У них подают все наоборот. Сначала сласти, потом мясо, а некое подобие супа — в конце обеда.
Бедняге Шишмареву вместе с маньчжурским секретарем Айжиндаем во все продолжение обеда пришлось стоять на ногах. Яков Парфентьевич потом жаловался, что он не решился из-за этого попробовать рисовую водку, которую хозяева подавали подогретой в крошечных чашечках. Водкой нас обносили со строгим соблюдением чинов. Сначала заходили к генералу и наливали ему с Перовским, потом — к нам. Здесь выбирали тучных и видных, а уж потом наливали остальным.
— О чем же говорили? — опять спросил поручик Козловский.
— Да так, всякие любезности: как называется город, в котором мы родились, и что у кого болит? А о главном не упомянули ни слова. Уже в конце обеда, окончившегося в седьмом часу, И-шань предложил переговорить о деле, но Николай Николаевич отказался. Он заявил: сегодня будем пировать, а дела отложим до завтра.
Нынче как раз и должно начаться первое деловое свидание. Но я выехал к вам еще до рассвета с приказом.
Через какой-то час после прибытия курьера баржи линейцев снялись с якорей и направились к Айгуню. Провожая первую роту, Прещепенко, Коровин и Козловский выстроили на берегу своих солдат.
Отъезду из Благовещенска особенно рады были Михайло Леший и Игнат Тюменцев. Для Михайлы кончилось наконец его добровольное заточение в трюме, и он с радостью, потерев ладони, взялся за весло.
— Ты смотри, Михайло, не налегай сразу, — говорили ему соседи. — Болел же…
— Ничего, — отвечал солдат, — на меня эта болезнь раз в год находит. Теперь переболел — долго не тронет.
Игнат радовался тому, что плывет он все ближе и ближе к тем краям, где ждет его Глаша. «А может, опять свидимся. Вдруг станет батальон там, где жена моя невенчанная живет, — думал солдат. — Ох, господи, случилось бы так!»
К стоянке генерал-губернатора у Айгуня прибыли в четвертом часу. Генерал только что вернулся с переговоров, которые длились с десяти часов утра до трех дня, устал и, ожидая к себе князя И-шаня, капитана Дьяченко не принял. Он передал через Шишмарева, что приказ о дальнейшем следовании батальона будет вручен утром.
Яков Парфентьевич Шишмарев был среди тех немногих людей, которые участвовали в переговорах с русской стороны. С утра в Айгунь прибыли он, генерал-губернатор и статский советник Перовский. Позже, с картами, на которых была нанесена предполагаемая граница, пригласили выехавшего наконец на Амур в качестве оберквартирмейстера Будогосского, того самого чиновника, с которым никак не мог поладить Венюков.
Переговоры проходили в той же комнате айгуньского амбаня, где накануне обедали Муравьев и князь И-шань. С одной стороны стола на широких нарах сидели И-Шань и Дзираминга, с другой — русские. Шишмареву и Айжиндаю вновь, все пять часов, пришлось стоять, соблюдая китайский церемониал.
— О чем же говорили, если не секрет? — спросил Дьяченко.
— Отчего же, — ответил Шишмарев. — У меня было время все запомнить. Ведь каждая фраза повторялась трижды. Сначала говорил Николай Николаевич, потом его слова я переводил на маньчжурский.
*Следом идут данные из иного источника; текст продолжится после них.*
lemma complete_bar_visibility_card_bound:
  assumes rep: "bar_rep V B"
    and sees: "\<And>u v. u \<in> V \<Longrightarrow> v \<in> V \<Longrightarrow> u \<noteq> v \<Longrightarrow> k_sees k V B u v"
  shows "card V < 4 * k + 6"
proof (rule ccontr)
  define m where "m = 2 * k + 3"
  assume "\<not> card V < 4 * k + 6"
  hence "2 * m \<le> card V" "V \<noteq> {}" by (auto simp: m_def)
  have "finite V" using bar_rep_finite[OF rep] .
  obtain x0 where x0: "\<forall>v\<in>V. covers B v x0"
    using pairwise_seeing_bars_common_point[OF rep \<open>V \<noteq> {}\<close> sees] by blast
  have "inj_on (\<lambda>w. bar_y (B w)) V"
    using bar_rep_heights_differ[OF rep] x0 by (meson inj_onI)
  then obtain vs where vs: "distinct vs" "set vs = V" "sorted_wrt (\<lambda>a b. bar_y (B a) < bar_y (B b)) vs"
    using obtain_sorted_enumeration[OF \<open>finite V\<close>] by blast
  have len: "2 * m \<le> length vs" using \<open>2 * m \<le> card V\<close> distinct_card[OF vs(1)] vs(2) by simp
  have pair_in_V: "vs ! s \<in> V \<and> vs ! (s + m) \<in> V" if "s < m" for s
    using that len vs(2) nth_mem by fastforce
  have "\<forall>s\<in>{..<m}. \<exists>x. covers B (vs ! s) x \<and> covers B (vs ! (s + m)) x
                        \<and> bars_crossed V B (vs ! s) (vs ! (s + m)) x \<le> k"
  proof
    fix s assume "s \<in> {..<m}"
    moreover have "vs ! s \<noteq> vs ! (s + m)"
      using vs(1) len calculation by (simp add: nth_eq_iff_index_eq)
    ultimately show "\<exists>x. covers B (vs ! s) x \<and> covers B (vs ! (s + m)) x
                        \<and> bars_crossed V B (vs ! s) (vs ! (s + m)) x \<le> k"
      using sees pair_in_V unfolding k_sees_def by simp
  qed
  then obtain X where X: "\<forall>s\<in>{..<m}. covers B (vs ! s) (X s) \<and> covers B (vs ! (s + m)) (X s)
                        \<and> bars_crossed V B (vs ! s) (vs ! (s + m)) (X s) \<le> k"
    by (metis bchoice)
  have side_bound: "card A \<le> k + 1"
    if "A \<subseteq> {..<m}" "(\<forall>s\<in>A. x0 \<le> X s) \<or> (\<forall>s\<in>A. X s \<le> x0)" for A
  proof (cases "A = {}")
    case False
    show ?thesis
    proof (rule nested_pairs_one_side[OF \<open>finite V\<close> _ vs(1,3) len that(1) False _ _ that(2)])
      show "set vs \<subseteq> V" using vs(2) by simp
    next
      fix s assume "s \<in> A"
      hence "s < m" using that(1) by auto
      thus "covers B (vs ! s) (X s) \<and> covers B (vs ! (s + m)) (X s)
              \<and> bars_crossed V B (vs ! s) (vs ! (s + m)) (X s) \<le> k"
        and "covers B (vs ! s) x0 \<and> covers B (vs ! (s + m)) x0"
        using X x0 pair_in_V by auto
    qed
  qed simp
  define R where "R = {s \<in> {..<m}. x0 \<le> X s}"
  define L where "L = {s \<in> {..<m}. X s < x0}"
  have "R \<union> L = {..<m}" "R \<inter> L = {}" by (auto simp: R_def L_def)
  hence "card R + card L = m" using card_Un_disjoint[of R L] by (simp add: R_def L_def)
  moreover have "card R \<le> k + 1" by (rule side_bound) (auto simp: R_def)
  moreover have "card L \<le> k + 1" by (rule side_bound) (auto simp: L_def)
  ultimately show False by (simp add: m_def)
qed

text \<open>A 4-cycle \<open>0 - 1 - 2 - 3\<close>: the long bars 0 and 3 overlap the short bars 1 and 2 and each
  other, and the \<open>i\<close> short bars \<open>4, \<dots>, i + 3\<close>, stacked between 1 and 2 over \<open>[1, 2]\<close>, block
  exactly the diagonals \<open>0 - 2\<close> and \<open>1 - 3\<close>.\<close>

definition blocked_cycle_vertices :: "nat \<Rightarrow> nat set" where
  "blocked_cycle_vertices i = {..i + 3}"

definition blocked_cycle_bars :: "nat \<Rightarrow> nat \<Rightarrow> bar" where
  "blocked_cycle_bars i v =
     (if v = 0 then (0, 0, 4) else if v = 1 then (1, 0, 2) else if v = 2 then (real i + 2, 1, 2)
      else if v = 3 then (real i + 3, 1, 4) else (real v - 2, 1, 2))"

lemma blocked_cycle_bars_simps:
  "bar_y (blocked_cycle_bars i 0) = 0" "bar_l (blocked_cycle_bars i 0) = 0"
  "bar_r (blocked_cycle_bars i 0) = 4"
  "bar_y (blocked_cycle_bars i 1) = 1" "bar_l (blocked_cycle_bars i 1) = 0"
  "bar_r (blocked_cycle_bars i 1) = 2"
  "bar_y (blocked_cycle_bars i (Suc 0)) = 1" "bar_l (blocked_cycle_bars i (Suc 0)) = 0"
  "bar_r (blocked_cycle_bars i (Suc 0)) = 2"
  "bar_y (blocked_cycle_bars i 2) = real i + 2" "bar_l (blocked_cycle_bars i 2) = 1"
  "bar_r (blocked_cycle_bars i 2) = 2"
  "bar_y (blocked_cycle_bars i 3) = real i + 3" "bar_l (blocked_cycle_bars i 3) = 1"
  "bar_r (blocked_cycle_bars i 3) = 4"
  "4 \<le> v \<Longrightarrow> bar_y (blocked_cycle_bars i v) = real v - 2"
  "4 \<le> v \<Longrightarrow> bar_l (blocked_cycle_bars i v) = 1"
  "4 \<le> v \<Longrightarrow> bar_r (blocked_cycle_bars i v) = 2"
  by (auto simp: blocked_cycle_bars_def bar_y_def bar_l_def bar_r_def)

lemma bar_rep_blocked_cycle: "bar_rep (blocked_cycle_vertices i) (blocked_cycle_bars i)"
proof -
  have cases: "v = 0 \<or> v = 1 \<or> v = 2 \<or> v = 3 \<or> 4 \<le> v" for v :: nat by arith
  have "bar_l (blocked_cycle_bars i v) < bar_r (blocked_cycle_bars i v)" for v
    using cases[of v] by (auto simp: blocked_cycle_bars_simps)
  moreover have "bar_y (blocked_cycle_bars i u) \<noteq> bar_y (blocked_cycle_bars i v)"
    if "u \<in> blocked_cycle_vertices i" "v \<in> blocked_cycle_vertices i" "u \<noteq> v" for u v
    using cases[of u] cases[of v] that by (auto simp: blocked_cycle_bars_simps blocked_cycle_vertices_def)
  ultimately show ?thesis by (auto simp: bar_rep_def blocked_cycle_vertices_def)
qed

lemma blocked_cycle_sees_if_unblocked:
  assumes "covers (blocked_cycle_bars i) u x" "covers (blocked_cycle_bars i) v x"
    and "\<forall>w\<in>{0, 1, 2, 3}. w \<notin> crossed_bars (blocked_cycle_vertices i) (blocked_cycle_bars i) u v x"
  shows "k_sees i (blocked_cycle_vertices i) (blocked_cycle_bars i) u v"
proof (rule k_sees_if_crossed_subset[where A = "{4..i + 3}"])
  show "crossed_bars (blocked_cycle_vertices i) (blocked_cycle_bars i) u v x \<subseteq> {4..i + 3}"
  proof
    fix w assume w: "w \<in> crossed_bars (blocked_cycle_vertices i) (blocked_cycle_bars i) u v x"
    hence "w \<le> i + 3" by (simp add: crossed_bars_def blocked_cycle_vertices_def)
    moreover have "w \<notin> {0, 1, 2, 3}" using assms(3) w by blast
    ultimately show "w \<in> {4..i + 3}" by auto
  qed
qed (use assms(1,2) in auto)

lemma blocked_cycle_sees:
  "k_sees i (blocked_cycle_vertices i) (blocked_cycle_bars i) 0 1"
  "k_sees i (blocked_cycle_vertices i) (blocked_cycle_bars i) 1 2"
  "k_sees i (blocked_cycle_vertices i) (blocked_cycle_bars i) 2 3"
  "k_sees i (blocked_cycle_vertices i) (blocked_cycle_bars i) 3 0"
proof -
  note unblocked = blocked_cycle_sees_if_unblocked[simplified crossed_bars_def blocked_cycle_bars_simps]
  show "k_sees i (blocked_cycle_vertices i) (blocked_cycle_bars i) 0 1"
    by (rule unblocked[where x = "1/2"]) (simp_all add: blocked_cycle_bars_simps)
  show "k_sees i (blocked_cycle_vertices i) (blocked_cycle_bars i) 1 2"
    by (rule unblocked[where x = "3/2"]) (simp_all add: blocked_cycle_bars_simps)
  show "k_sees i (blocked_cycle_vertices i) (blocked_cycle_bars i) 2 3"
    by (rule unblocked[where x = "3/2"]) (simp_all add: blocked_cycle_bars_simps)
  show "k_sees i (blocked_cycle_vertices i) (blocked_cycle_bars i) 3 0"
    by (rule unblocked[where x = 3]) (simp_all add: blocked_cycle_bars_simps)
qed

lemma blocked_cycle_diagonals_blocked:
  "\<not> k_sees i (blocked_cycle_vertices i) (blocked_cycle_bars i) 0 2"
  "\<not> k_sees i (blocked_cycle_vertices i) (blocked_cycle_bars i) 1 3"
proof -
  show "\<not> k_sees i (blocked_cycle_vertices i) (blocked_cycle_bars i) 0 2"
    by (rule not_k_sees_if_crossed_superset[where A = "insert 1 {4..i + 3}"])
      (auto simp: crossed_bars_def blocked_cycle_bars_simps blocked_cycle_vertices_def)
  show "\<not> k_sees i (blocked_cycle_vertices i) (blocked_cycle_bars i) 1 3"
    by (rule not_k_sees_if_crossed_superset[where A = "insert 2 {4..i + 3}"])
      (auto simp: crossed_bars_def blocked_cycle_bars_simps blocked_cycle_vertices_def)
qed

definition blocked_cycle_graph :: "nat \<Rightarrow> nat \<Rightarrow> nat \<Rightarrow> bool" where
  "blocked_cycle_graph i = visibility_graph i (blocked_cycle_vertices i) (blocked_cycle_bars i)"

lemma blocked_cycle_graph_edges:
  "blocked_cycle_graph i 0 1" "blocked_cycle_graph i 1 2" "blocked_cycle_graph i 2 3"
  "blocked_cycle_graph i 3 0" "\<not> blocked_cycle_graph i 0 2" "\<not> blocked_cycle_graph i 1 3"
  using blocked_cycle_sees blocked_cycle_diagonals_blocked
  by (simp_all add: blocked_cycle_graph_def visibility_graph_def blocked_cycle_vertices_def)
Князь И-шань, хотя он и природный маньчжур, но, пребывая при дворе императора, отвык уже от родного языка, и для него с маньчжурского на китайский переводил Айжиндай. Но позвольте по порядку о самих переговорах. Николай Николаевич изложил И-шаню причины наших действий на Амуре. И опять, как и писал о том прежде китайскому трибуналу внешних сношений, предложил определить границу обоих государств по Амуру и Уссури. Он подчеркнул, что эта граница представляет удобную естественную черту между нашими странами. После этого на совещание был приглашен господин Будогосский с картами, на которых уже был нанесен проект граничной черты.
Когда князь И-шань стал говорить, что Дайцинское государство очень велико, у него немало забот, кроме Амура, и он еще подумает, надо ли спешить с решением такого небольшого вопроса, как разграничение на севере, Николай Николаевич, по-моему, весьма кстати напомнил, что Китай сейчас в войне с англичанами и что англичане могут обнаружить желание завладеть устьем Амура и местами, от него к югу вдоль морского берега лежащими. А Россия вправе им в этом воспрепятствовать только в случае, если на основании заключенного договора покажет означенные места нам принадлежащими.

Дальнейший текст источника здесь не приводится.